WHAT THE TASK REQUIRES: Your task is to copy the stretch of lines in the records below that begins with the line containing "with $x=k^2u$ and $y=kv$." and ends with the line containing "(x, y) \<Rightarrow>", exactly as written, with nothing added.
★ ★ ★ ★
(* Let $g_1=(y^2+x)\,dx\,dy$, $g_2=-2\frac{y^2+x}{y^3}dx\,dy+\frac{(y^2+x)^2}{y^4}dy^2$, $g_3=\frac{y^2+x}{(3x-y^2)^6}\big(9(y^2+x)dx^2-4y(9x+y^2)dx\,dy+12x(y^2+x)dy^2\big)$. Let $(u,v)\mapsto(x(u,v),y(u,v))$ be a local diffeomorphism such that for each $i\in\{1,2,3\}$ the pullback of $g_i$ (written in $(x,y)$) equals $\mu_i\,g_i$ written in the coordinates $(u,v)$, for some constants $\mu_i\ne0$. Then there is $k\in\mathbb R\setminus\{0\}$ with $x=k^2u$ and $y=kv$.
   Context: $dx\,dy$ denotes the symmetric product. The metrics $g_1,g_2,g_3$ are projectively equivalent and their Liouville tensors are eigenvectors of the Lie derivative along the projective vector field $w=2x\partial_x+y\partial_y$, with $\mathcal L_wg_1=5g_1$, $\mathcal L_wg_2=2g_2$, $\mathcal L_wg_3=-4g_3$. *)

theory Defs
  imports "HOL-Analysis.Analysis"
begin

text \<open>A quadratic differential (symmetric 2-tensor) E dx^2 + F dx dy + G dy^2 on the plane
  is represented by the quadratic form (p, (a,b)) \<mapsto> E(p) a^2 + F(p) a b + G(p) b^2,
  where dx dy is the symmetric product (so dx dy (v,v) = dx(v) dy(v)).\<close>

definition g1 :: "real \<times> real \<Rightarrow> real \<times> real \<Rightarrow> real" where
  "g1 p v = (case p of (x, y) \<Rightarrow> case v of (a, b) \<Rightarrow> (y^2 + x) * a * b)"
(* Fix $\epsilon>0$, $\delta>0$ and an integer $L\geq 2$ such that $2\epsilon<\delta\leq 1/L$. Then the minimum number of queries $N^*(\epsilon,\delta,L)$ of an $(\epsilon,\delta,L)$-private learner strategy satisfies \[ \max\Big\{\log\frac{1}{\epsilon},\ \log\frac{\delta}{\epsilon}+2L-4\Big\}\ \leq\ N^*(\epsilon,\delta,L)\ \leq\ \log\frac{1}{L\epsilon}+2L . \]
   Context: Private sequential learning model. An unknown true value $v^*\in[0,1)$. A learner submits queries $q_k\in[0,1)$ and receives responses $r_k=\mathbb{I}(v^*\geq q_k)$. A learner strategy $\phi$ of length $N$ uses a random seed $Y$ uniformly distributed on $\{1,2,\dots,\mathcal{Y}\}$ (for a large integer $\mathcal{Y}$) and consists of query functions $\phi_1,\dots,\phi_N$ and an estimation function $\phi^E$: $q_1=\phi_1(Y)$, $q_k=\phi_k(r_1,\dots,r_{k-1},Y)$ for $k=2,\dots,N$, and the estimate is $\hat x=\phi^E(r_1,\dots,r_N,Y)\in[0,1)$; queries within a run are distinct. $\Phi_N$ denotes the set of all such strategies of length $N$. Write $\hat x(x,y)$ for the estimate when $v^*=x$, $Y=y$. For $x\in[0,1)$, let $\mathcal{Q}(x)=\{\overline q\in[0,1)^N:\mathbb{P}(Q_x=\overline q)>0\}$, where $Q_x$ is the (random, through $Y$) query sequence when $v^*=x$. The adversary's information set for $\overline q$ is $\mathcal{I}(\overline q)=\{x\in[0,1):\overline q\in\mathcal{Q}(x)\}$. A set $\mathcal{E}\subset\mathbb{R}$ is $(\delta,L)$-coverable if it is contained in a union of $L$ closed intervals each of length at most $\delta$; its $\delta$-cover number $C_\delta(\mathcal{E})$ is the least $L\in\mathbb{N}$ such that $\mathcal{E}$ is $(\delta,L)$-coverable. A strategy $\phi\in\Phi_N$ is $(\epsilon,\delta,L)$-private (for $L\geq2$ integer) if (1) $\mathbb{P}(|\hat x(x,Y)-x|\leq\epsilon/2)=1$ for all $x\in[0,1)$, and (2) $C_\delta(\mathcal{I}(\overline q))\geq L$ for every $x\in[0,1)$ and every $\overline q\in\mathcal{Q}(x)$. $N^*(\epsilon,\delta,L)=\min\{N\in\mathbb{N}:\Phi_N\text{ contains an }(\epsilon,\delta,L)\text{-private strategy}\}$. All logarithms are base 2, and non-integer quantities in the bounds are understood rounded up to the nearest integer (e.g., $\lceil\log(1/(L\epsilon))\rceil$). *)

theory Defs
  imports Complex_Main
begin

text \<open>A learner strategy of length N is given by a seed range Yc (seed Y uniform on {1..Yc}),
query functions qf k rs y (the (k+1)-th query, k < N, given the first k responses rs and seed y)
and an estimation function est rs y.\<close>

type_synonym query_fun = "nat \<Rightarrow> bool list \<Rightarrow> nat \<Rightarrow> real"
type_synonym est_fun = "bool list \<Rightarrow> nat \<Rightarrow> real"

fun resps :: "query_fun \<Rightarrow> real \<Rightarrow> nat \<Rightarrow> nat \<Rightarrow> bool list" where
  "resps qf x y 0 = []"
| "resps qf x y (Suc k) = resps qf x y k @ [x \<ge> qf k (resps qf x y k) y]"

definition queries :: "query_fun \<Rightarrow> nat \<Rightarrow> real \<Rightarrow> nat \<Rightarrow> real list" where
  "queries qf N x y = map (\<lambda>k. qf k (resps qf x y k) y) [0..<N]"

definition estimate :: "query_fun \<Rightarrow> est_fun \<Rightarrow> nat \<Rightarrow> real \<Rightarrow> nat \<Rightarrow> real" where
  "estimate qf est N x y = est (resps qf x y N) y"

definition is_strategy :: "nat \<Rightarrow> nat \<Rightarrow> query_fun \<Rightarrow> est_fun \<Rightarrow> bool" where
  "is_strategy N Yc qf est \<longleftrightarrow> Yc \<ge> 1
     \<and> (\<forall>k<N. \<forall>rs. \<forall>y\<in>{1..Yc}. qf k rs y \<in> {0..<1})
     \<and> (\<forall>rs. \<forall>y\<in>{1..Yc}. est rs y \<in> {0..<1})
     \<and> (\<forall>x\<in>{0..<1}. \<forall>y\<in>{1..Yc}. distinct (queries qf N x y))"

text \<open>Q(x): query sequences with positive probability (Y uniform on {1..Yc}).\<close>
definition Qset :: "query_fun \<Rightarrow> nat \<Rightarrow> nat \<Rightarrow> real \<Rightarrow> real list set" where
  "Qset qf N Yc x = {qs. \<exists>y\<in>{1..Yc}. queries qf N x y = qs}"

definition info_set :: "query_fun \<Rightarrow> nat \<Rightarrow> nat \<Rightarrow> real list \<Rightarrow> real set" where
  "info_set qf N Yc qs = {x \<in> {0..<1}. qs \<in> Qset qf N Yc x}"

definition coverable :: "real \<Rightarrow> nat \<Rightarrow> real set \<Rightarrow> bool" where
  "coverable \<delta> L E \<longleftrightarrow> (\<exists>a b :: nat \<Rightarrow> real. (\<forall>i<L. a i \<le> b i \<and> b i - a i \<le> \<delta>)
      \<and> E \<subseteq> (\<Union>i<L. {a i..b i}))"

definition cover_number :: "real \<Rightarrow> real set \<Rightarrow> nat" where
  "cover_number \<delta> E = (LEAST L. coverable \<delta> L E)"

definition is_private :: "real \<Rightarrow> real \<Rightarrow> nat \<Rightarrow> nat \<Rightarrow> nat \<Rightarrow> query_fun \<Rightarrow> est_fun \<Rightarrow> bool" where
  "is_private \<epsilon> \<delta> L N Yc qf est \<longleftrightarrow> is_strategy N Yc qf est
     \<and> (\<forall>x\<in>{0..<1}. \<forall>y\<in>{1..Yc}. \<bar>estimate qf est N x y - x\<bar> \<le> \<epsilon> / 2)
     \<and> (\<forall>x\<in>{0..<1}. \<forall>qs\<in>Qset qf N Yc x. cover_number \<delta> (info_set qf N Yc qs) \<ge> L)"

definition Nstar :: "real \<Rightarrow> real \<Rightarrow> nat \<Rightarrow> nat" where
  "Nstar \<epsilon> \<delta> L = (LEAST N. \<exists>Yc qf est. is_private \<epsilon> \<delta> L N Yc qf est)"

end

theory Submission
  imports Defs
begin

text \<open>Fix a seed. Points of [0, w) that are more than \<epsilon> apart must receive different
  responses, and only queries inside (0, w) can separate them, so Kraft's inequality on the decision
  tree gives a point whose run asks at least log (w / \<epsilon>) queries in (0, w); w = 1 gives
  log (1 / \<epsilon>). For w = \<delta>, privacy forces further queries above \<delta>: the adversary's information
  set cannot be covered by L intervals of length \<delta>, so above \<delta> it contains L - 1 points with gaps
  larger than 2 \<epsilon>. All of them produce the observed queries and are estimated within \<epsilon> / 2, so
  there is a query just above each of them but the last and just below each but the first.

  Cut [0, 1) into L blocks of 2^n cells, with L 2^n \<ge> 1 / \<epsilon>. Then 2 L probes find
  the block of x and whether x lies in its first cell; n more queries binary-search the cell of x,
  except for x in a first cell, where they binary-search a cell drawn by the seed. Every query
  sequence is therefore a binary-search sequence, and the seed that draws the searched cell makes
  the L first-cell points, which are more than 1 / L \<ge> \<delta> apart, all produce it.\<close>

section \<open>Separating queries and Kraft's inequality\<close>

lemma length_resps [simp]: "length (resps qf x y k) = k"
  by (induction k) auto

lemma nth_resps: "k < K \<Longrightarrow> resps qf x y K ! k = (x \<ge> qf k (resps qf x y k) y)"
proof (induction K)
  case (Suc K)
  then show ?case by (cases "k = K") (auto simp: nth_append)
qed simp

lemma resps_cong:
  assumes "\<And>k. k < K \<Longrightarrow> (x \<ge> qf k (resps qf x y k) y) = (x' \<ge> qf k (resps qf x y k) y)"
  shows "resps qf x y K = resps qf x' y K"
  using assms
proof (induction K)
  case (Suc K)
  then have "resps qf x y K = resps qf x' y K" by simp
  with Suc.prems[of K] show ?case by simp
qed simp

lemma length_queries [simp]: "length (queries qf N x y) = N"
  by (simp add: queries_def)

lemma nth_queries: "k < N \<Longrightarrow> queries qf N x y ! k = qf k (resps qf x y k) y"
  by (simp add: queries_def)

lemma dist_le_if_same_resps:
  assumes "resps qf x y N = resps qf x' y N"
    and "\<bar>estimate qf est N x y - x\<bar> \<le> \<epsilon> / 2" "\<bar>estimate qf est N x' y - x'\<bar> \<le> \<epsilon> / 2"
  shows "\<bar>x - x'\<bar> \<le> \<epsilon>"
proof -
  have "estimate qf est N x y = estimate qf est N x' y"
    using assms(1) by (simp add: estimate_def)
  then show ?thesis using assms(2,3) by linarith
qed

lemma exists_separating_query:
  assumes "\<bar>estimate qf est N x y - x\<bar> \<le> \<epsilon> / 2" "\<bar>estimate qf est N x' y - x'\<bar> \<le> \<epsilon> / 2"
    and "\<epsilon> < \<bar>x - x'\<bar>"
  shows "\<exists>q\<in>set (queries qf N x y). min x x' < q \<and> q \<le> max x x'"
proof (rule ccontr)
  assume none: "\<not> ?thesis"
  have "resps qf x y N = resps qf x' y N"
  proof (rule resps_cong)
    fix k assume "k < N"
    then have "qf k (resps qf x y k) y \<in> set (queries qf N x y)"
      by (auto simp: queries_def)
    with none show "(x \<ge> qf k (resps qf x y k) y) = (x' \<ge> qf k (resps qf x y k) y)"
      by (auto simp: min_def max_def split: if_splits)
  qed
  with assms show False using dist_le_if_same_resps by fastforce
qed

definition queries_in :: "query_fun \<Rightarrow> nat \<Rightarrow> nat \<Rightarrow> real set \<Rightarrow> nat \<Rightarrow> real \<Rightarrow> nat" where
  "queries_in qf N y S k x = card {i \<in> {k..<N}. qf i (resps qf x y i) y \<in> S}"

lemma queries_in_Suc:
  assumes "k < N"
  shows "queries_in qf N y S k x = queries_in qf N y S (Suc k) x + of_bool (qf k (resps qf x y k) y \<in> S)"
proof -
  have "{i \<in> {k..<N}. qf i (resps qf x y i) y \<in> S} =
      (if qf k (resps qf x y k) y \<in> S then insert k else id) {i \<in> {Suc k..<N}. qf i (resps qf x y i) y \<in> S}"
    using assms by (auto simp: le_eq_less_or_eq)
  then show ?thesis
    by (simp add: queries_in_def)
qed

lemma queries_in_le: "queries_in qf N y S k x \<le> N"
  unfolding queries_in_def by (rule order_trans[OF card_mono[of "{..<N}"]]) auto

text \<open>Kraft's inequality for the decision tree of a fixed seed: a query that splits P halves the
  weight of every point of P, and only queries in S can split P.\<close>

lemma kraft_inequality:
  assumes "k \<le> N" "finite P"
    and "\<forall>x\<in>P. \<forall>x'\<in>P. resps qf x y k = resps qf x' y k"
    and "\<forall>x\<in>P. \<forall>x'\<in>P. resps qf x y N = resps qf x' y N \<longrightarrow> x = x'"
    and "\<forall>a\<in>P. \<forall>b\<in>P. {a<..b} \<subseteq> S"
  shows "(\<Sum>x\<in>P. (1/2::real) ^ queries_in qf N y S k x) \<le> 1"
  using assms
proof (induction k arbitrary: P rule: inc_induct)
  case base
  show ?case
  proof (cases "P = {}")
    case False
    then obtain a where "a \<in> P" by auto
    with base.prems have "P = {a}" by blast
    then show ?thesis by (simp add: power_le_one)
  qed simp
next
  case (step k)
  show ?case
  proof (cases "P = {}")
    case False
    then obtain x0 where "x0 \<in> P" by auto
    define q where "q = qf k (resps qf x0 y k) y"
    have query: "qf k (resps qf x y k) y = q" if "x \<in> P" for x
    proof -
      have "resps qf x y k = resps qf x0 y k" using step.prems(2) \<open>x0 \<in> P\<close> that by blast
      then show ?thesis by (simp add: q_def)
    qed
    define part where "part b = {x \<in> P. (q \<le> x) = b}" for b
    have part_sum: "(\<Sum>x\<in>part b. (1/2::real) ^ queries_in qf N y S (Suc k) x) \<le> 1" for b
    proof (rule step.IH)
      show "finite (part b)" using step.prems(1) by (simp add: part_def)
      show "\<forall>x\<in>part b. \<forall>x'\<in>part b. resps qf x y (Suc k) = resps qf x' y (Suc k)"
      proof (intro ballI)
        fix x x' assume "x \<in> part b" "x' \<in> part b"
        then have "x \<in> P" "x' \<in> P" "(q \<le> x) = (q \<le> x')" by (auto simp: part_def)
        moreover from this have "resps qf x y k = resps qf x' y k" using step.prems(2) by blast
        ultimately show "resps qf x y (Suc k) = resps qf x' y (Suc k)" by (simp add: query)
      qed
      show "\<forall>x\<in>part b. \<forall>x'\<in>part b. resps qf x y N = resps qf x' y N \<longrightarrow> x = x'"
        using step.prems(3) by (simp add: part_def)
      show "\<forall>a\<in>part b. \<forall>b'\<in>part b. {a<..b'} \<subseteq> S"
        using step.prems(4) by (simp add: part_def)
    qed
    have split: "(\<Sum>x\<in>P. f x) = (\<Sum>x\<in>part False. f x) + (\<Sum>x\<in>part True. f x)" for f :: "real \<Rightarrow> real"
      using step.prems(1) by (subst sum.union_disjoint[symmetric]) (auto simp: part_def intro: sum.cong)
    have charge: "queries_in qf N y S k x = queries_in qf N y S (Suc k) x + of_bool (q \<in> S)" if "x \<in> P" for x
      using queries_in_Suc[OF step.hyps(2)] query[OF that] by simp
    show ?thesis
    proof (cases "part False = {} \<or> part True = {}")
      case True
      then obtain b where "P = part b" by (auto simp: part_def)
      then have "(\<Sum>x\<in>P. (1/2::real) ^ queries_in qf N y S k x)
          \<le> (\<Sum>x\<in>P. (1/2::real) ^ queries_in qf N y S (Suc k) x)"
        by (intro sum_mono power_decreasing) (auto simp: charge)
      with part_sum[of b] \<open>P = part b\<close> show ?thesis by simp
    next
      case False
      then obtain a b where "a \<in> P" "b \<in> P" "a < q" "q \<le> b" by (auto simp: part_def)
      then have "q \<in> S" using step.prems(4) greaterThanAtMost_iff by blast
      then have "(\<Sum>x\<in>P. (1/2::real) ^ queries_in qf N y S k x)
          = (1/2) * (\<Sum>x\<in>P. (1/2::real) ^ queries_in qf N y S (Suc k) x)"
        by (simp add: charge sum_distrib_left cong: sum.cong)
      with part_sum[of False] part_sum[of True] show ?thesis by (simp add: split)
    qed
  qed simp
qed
★ ★ ★ ★
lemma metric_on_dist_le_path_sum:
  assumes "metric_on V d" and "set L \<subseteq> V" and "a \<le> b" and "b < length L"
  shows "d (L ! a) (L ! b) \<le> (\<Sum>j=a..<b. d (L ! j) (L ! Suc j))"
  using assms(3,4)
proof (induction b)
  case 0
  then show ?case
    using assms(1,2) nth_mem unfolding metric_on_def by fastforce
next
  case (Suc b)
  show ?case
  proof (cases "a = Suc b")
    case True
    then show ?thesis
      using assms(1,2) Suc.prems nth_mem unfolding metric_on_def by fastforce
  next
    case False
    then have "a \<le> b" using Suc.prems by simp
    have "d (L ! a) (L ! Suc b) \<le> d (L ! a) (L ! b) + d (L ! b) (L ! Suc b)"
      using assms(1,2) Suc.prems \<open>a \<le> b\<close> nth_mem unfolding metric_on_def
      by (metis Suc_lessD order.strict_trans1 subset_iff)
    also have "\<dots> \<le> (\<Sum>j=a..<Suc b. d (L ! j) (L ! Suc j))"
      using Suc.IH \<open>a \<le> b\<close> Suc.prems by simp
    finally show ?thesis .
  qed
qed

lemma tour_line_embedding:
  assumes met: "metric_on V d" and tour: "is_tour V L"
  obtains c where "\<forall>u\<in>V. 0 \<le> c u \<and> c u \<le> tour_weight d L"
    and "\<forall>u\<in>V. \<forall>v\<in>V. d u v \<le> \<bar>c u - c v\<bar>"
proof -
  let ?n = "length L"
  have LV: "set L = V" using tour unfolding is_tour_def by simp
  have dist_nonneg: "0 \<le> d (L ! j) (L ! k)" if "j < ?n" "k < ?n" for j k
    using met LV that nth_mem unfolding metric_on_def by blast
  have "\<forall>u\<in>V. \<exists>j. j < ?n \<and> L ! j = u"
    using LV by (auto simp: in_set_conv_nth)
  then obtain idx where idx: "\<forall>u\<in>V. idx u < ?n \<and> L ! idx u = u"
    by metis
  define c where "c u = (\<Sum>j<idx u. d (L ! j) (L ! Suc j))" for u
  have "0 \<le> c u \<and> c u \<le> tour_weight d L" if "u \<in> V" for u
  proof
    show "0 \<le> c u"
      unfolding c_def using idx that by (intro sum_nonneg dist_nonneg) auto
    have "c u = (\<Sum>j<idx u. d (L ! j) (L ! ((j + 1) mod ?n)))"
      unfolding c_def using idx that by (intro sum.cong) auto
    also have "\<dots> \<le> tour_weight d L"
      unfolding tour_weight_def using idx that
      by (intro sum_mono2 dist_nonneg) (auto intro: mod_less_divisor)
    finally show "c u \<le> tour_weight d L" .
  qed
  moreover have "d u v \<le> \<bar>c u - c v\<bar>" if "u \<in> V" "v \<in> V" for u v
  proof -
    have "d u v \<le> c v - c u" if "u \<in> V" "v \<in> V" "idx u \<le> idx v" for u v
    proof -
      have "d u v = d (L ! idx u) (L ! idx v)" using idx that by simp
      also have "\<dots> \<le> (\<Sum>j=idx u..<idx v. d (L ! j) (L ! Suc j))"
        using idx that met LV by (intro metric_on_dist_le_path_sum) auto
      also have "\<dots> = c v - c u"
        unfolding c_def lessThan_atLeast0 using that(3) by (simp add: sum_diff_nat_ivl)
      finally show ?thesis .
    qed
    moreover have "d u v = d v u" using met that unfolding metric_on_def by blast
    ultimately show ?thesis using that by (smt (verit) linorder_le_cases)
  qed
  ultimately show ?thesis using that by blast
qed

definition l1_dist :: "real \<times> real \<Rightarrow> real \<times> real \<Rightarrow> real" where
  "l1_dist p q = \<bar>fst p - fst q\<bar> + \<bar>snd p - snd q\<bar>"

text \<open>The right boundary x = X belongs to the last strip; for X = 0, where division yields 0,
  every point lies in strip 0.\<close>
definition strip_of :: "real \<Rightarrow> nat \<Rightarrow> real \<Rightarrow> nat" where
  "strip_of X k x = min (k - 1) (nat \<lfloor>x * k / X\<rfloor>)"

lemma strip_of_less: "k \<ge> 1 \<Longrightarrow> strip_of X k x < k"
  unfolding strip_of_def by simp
★ ★ ★ ★
EXPECTED OUTPUT:
(* Let $g_1=(y^2+x)\,dx\,dy$, $g_2=-2\frac{y^2+x}{y^3}dx\,dy+\frac{(y^2+x)^2}{y^4}dy^2$, $g_3=\frac{y^2+x}{(3x-y^2)^6}\big(9(y^2+x)dx^2-4y(9x+y^2)dx\,dy+12x(y^2+x)dy^2\big)$. Let $(u,v)\mapsto(x(u,v),y(u,v))$ be a local diffeomorphism such that for each $i\in\{1,2,3\}$ the pullback of $g_i$ (written in $(x,y)$) equals $\mu_i\,g_i$ written in the coordinates $(u,v)$, for some constants $\mu_i\ne0$. Then there is $k\in\mathbb R\setminus\{0\}$ with $x=k^2u$ and $y=kv$.
   Context: $dx\,dy$ denotes the symmetric product. The metrics $g_1,g_2,g_3$ are projectively equivalent and their Liouville tensors are eigenvectors of the Lie derivative along the projective vector field $w=2x\partial_x+y\partial_y$, with $\mathcal L_wg_1=5g_1$, $\mathcal L_wg_2=2g_2$, $\mathcal L_wg_3=-4g_3$. *)

theory Defs
  imports "HOL-Analysis.Analysis"
begin

text \<open>A quadratic differential (symmetric 2-tensor) E dx^2 + F dx dy + G dy^2 on the plane
  is represented by the quadratic form (p, (a,b)) \<mapsto> E(p) a^2 + F(p) a b + G(p) b^2,
  where dx dy is the symmetric product (so dx dy (v,v) = dx(v) dy(v)).\<close>

definition g1 :: "real \<times> real \<Rightarrow> real \<times> real \<Rightarrow> real" where
  "g1 p v = (case p of (x, y) \<Rightarrow> case v of (a, b) \<Rightarrow> (y^2 + x) * a * b)"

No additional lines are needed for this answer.